ACTIVITY
When the line containing "using elim by (simp add: suminf_geometric" appears in the entries below, begin printing there and stop after the line containing "n))) sums (\<Sum>i\<le>N."; print each of those lines exactly and no other line.

SUPPLIED RECORDS
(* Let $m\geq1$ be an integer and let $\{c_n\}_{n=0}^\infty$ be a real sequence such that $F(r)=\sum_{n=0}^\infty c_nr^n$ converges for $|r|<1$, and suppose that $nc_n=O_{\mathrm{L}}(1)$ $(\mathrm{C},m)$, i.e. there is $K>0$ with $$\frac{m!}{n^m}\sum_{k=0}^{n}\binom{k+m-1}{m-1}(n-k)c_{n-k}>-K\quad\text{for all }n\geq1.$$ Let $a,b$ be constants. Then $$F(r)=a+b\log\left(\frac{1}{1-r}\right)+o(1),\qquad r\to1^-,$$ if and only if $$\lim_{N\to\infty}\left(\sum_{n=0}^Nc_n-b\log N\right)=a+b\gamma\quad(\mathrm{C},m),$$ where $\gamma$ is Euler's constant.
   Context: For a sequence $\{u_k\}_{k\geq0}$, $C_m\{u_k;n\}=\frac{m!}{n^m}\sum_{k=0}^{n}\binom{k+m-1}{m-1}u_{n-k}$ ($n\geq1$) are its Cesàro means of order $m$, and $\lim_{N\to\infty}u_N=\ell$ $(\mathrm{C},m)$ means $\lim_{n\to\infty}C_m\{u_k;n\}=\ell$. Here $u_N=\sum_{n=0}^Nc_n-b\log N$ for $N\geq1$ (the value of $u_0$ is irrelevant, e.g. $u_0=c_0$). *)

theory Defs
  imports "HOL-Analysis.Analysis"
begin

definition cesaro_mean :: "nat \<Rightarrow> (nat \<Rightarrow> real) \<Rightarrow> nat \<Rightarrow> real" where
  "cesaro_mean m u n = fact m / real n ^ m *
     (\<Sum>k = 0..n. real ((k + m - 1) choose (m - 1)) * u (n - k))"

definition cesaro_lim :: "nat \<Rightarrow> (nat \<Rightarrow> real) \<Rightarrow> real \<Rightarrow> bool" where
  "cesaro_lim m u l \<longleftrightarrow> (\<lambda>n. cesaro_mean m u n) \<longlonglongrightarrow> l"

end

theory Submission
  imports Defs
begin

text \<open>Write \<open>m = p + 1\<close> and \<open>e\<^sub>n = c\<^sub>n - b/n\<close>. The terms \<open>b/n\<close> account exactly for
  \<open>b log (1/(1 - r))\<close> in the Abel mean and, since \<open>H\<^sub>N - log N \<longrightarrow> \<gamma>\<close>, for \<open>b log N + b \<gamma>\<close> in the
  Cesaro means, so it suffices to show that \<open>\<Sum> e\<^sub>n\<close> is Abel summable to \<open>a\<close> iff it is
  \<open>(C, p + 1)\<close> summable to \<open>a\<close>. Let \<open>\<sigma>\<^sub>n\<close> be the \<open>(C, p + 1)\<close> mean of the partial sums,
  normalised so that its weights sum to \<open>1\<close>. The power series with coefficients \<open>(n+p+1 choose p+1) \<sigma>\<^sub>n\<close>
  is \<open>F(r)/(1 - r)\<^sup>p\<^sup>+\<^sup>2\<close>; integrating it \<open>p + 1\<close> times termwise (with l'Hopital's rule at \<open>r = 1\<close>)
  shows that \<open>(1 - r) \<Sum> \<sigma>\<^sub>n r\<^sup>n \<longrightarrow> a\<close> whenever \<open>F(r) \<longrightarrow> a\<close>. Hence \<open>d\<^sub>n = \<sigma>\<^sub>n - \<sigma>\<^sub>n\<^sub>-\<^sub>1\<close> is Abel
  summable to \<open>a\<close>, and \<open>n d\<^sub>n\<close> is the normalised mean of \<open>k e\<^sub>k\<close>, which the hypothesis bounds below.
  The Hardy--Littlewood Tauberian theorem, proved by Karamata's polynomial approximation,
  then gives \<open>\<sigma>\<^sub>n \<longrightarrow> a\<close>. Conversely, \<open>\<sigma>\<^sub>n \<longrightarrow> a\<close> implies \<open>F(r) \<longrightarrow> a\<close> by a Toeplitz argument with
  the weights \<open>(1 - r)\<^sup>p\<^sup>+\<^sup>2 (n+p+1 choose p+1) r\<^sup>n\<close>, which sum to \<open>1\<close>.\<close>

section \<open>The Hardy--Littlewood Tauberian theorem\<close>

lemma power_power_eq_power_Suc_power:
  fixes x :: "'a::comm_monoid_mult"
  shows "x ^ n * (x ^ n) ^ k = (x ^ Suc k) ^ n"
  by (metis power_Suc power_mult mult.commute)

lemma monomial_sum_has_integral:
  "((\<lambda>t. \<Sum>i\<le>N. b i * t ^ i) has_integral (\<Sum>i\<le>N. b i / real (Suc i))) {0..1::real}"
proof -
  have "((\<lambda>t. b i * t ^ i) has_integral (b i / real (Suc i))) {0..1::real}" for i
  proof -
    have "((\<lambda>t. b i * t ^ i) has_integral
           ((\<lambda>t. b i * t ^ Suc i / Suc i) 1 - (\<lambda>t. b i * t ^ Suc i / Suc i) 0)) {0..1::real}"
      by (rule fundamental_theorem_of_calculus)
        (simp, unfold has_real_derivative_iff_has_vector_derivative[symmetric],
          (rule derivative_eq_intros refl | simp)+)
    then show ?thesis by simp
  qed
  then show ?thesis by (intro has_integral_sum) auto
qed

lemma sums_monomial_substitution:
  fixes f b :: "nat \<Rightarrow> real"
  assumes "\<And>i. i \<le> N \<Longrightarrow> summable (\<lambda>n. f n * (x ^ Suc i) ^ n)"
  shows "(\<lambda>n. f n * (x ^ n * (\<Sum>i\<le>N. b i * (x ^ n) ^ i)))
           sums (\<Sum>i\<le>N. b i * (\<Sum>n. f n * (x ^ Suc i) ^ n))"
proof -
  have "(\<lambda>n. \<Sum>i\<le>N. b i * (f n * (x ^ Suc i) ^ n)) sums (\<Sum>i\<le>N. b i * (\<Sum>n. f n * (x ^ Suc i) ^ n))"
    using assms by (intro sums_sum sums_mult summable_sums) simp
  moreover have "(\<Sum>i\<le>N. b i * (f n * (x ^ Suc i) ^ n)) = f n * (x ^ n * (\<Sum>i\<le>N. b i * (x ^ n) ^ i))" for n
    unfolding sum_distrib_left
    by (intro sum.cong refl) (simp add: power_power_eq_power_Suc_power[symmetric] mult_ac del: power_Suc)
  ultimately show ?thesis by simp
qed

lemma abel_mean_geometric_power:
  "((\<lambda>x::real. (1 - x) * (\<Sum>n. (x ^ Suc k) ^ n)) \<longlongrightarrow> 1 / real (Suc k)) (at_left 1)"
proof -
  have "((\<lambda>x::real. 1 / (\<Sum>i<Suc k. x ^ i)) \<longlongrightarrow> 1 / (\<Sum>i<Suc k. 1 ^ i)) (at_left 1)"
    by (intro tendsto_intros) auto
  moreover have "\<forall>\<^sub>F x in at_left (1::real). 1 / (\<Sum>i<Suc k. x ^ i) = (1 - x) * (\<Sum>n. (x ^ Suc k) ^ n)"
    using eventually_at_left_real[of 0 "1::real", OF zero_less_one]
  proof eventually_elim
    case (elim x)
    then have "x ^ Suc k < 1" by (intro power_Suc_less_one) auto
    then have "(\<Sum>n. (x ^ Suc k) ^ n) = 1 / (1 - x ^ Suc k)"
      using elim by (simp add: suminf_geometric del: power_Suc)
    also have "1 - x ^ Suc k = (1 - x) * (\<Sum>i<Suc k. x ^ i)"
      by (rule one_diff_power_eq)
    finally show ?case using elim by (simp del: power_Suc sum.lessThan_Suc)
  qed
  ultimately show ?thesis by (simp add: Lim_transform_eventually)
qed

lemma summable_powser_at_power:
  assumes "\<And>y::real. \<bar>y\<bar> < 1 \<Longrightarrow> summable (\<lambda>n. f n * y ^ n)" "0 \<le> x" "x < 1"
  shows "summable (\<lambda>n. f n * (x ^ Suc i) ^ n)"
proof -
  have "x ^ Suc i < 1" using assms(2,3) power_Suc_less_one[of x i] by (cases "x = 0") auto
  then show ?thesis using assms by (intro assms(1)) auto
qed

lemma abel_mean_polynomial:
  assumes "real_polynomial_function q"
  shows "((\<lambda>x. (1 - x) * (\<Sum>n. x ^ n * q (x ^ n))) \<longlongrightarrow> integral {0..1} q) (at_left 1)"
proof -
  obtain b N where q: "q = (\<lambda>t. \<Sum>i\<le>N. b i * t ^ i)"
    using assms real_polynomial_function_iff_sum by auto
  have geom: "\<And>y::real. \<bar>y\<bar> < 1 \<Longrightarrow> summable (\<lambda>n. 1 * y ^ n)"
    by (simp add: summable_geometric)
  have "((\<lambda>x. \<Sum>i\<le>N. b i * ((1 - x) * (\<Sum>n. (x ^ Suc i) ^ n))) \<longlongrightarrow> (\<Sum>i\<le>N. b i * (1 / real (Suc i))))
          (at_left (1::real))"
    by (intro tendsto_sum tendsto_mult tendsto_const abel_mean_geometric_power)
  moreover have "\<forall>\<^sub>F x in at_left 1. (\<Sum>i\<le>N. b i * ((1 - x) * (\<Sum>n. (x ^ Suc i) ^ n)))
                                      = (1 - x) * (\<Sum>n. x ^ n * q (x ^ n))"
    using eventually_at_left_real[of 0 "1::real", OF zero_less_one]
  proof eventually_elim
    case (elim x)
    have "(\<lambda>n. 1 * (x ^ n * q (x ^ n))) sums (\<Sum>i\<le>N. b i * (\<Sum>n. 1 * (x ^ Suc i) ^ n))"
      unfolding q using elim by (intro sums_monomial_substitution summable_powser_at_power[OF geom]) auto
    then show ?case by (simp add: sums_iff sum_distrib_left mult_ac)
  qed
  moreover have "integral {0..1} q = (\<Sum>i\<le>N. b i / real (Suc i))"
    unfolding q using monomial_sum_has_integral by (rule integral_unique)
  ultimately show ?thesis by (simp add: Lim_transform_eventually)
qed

TASK SOLUTION
      using elim by (simp add: suminf_geometric del: power_Suc)
    also have "1 - x ^ Suc k = (1 - x) * (\<Sum>i<Suc k. x ^ i)"
      by (rule one_diff_power_eq)
    finally show ?case using elim by (simp del: power_Suc sum.lessThan_Suc)
  qed
  ultimately show ?thesis by (simp add: Lim_transform_eventually)
qed

lemma summable_powser_at_power:
  assumes "\<And>y::real. \<bar>y\<bar> < 1 \<Longrightarrow> summable (\<lambda>n. f n * y ^ n)" "0 \<le> x" "x < 1"
  shows "summable (\<lambda>n. f n * (x ^ Suc i) ^ n)"
proof -
  have "x ^ Suc i < 1" using assms(2,3) power_Suc_less_one[of x i] by (cases "x = 0") auto
  then show ?thesis using assms by (intro assms(1)) auto
qed

lemma abel_mean_polynomial:
  assumes "real_polynomial_function q"
  shows "((\<lambda>x. (1 - x) * (\<Sum>n. x ^ n * q (x ^ n))) \<longlongrightarrow> integral {0..1} q) (at_left 1)"
proof -
  obtain b N where q: "q = (\<lambda>t. \<Sum>i\<le>N. b i * t ^ i)"
    using assms real_polynomial_function_iff_sum by auto
  have geom: "\<And>y::real. \<bar>y\<bar> < 1 \<Longrightarrow> summable (\<lambda>n. 1 * y ^ n)"
    by (simp add: summable_geometric)
  have "((\<lambda>x. \<Sum>i\<le>N. b i * ((1 - x) * (\<Sum>n. (x ^ Suc i) ^ n))) \<longlongrightarrow> (\<Sum>i\<le>N. b i * (1 / real (Suc i))))
          (at_left (1::real))"
    by (intro tendsto_sum tendsto_mult tendsto_const abel_mean_geometric_power)
  moreover have "\<forall>\<^sub>F x in at_left 1. (\<Sum>i\<le>N. b i * ((1 - x) * (\<Sum>n. (x ^ Suc i) ^ n)))
                                      = (1 - x) * (\<Sum>n. x ^ n * q (x ^ n))"
    using eventually_at_left_real[of 0 "1::real", OF zero_less_one]
  proof eventually_elim
    case (elim x)
    have "(\<lambda>n. 1 * (x ^ n * q (x ^ n))) sums (\<Sum>i\<le>N. b i * (\<Sum>n. 1 * (x ^ Suc i) ^ n))"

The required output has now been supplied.